§ **WHAT YOU SHOULD DO**: The expected output is exactly the lines below, starting at the line with "A B \<longleftrightarrow>" and ending at the line with "differ; it lies", both included; no other line belongs in it.

Top of RECORDS SUPPLIED

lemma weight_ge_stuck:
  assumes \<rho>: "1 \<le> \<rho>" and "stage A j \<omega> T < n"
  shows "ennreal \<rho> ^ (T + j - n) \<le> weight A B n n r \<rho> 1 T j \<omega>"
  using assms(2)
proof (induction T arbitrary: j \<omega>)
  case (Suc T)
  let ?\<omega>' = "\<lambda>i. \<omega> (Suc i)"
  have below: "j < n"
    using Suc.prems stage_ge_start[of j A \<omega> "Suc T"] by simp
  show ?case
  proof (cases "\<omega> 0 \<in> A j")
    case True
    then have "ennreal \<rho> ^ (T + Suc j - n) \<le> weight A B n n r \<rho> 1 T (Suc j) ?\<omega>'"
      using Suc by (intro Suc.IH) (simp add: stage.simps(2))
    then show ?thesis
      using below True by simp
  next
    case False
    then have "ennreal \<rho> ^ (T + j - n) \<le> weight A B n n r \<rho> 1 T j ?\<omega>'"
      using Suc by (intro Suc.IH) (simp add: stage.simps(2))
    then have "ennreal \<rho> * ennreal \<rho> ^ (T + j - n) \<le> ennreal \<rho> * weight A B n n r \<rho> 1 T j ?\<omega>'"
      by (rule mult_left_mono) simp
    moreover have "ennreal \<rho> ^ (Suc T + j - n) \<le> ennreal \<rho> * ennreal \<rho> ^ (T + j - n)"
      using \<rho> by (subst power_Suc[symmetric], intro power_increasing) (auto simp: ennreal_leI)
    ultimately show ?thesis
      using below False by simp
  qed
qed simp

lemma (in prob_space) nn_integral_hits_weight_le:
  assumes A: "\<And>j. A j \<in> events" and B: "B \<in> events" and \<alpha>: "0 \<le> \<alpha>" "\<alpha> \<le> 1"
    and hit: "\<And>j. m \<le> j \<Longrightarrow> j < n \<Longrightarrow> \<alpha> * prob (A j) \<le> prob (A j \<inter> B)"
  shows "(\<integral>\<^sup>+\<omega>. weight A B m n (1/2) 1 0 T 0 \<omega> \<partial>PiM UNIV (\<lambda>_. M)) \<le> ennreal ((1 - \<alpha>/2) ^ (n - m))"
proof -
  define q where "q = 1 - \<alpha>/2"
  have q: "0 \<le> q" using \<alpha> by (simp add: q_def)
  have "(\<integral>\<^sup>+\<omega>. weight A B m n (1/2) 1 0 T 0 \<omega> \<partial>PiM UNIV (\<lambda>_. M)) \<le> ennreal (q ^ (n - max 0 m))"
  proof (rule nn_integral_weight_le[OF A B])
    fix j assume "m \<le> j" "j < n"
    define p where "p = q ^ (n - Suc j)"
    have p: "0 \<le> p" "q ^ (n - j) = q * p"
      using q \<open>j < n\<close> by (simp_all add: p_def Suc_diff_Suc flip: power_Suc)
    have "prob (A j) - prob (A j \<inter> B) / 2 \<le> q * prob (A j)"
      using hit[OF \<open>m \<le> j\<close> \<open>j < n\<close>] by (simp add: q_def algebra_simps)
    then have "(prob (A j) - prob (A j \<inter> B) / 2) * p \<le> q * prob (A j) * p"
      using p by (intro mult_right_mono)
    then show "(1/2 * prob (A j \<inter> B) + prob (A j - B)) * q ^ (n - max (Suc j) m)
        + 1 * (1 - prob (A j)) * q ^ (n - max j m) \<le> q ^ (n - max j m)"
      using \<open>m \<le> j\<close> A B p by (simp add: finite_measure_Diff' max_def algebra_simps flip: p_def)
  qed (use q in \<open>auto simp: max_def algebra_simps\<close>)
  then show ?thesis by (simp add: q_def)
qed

Bottom of RECORDS SUPPLIED
Top of RECORDS SUPPLIED

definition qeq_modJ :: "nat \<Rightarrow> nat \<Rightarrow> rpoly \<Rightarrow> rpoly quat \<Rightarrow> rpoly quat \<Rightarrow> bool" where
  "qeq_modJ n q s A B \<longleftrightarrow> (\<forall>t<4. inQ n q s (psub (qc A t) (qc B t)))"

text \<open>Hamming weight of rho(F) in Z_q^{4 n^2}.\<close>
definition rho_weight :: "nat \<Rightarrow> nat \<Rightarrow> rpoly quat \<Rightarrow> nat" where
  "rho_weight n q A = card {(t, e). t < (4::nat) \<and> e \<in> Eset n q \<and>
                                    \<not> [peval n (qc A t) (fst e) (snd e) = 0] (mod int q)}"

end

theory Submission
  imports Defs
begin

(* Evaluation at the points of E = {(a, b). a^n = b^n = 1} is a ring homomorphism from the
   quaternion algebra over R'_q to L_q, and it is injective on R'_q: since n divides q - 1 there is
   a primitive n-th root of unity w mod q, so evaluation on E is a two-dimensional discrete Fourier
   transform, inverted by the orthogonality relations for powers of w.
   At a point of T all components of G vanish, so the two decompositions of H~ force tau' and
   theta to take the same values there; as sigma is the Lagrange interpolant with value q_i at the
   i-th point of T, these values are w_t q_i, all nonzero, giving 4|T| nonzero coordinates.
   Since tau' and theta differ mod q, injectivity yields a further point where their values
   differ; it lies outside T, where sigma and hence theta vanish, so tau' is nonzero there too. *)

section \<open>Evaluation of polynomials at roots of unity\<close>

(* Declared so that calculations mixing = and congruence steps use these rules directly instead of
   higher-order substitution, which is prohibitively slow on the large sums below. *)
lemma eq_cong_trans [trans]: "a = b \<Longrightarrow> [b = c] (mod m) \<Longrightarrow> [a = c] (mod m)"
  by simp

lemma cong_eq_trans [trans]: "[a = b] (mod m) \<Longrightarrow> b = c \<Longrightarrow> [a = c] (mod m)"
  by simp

Bottom of RECORDS SUPPLIED

§ **SOLVED EXERCISE**:
  "qeq_modJ n q s A B \<longleftrightarrow> (\<forall>t<4. inQ n q s (psub (qc A t) (qc B t)))"

text \<open>Hamming weight of rho(F) in Z_q^{4 n^2}.\<close>
definition rho_weight :: "nat \<Rightarrow> nat \<Rightarrow> rpoly quat \<Rightarrow> nat" where
  "rho_weight n q A = card {(t, e). t < (4::nat) \<and> e \<in> Eset n q \<and>
                                    \<not> [peval n (qc A t) (fst e) (snd e) = 0] (mod int q)}"

end

theory Submission
  imports Defs
begin

(* Evaluation at the points of E = {(a, b). a^n = b^n = 1} is a ring homomorphism from the
   quaternion algebra over R'_q to L_q, and it is injective on R'_q: since n divides q - 1 there is
   a primitive n-th root of unity w mod q, so evaluation on E is a two-dimensional discrete Fourier
   transform, inverted by the orthogonality relations for powers of w.
   At a point of T all components of G vanish, so the two decompositions of H~ force tau' and
   theta to take the same values there; as sigma is the Lagrange interpolant with value q_i at the
   i-th point of T, these values are w_t q_i, all nonzero, giving 4|T| nonzero coordinates.
   Since tau' and theta differ mod q, injectivity yields a further point where their values
   differ; it lies outside T, where sigma and hence theta vanish, so tau' is nonzero there too. *)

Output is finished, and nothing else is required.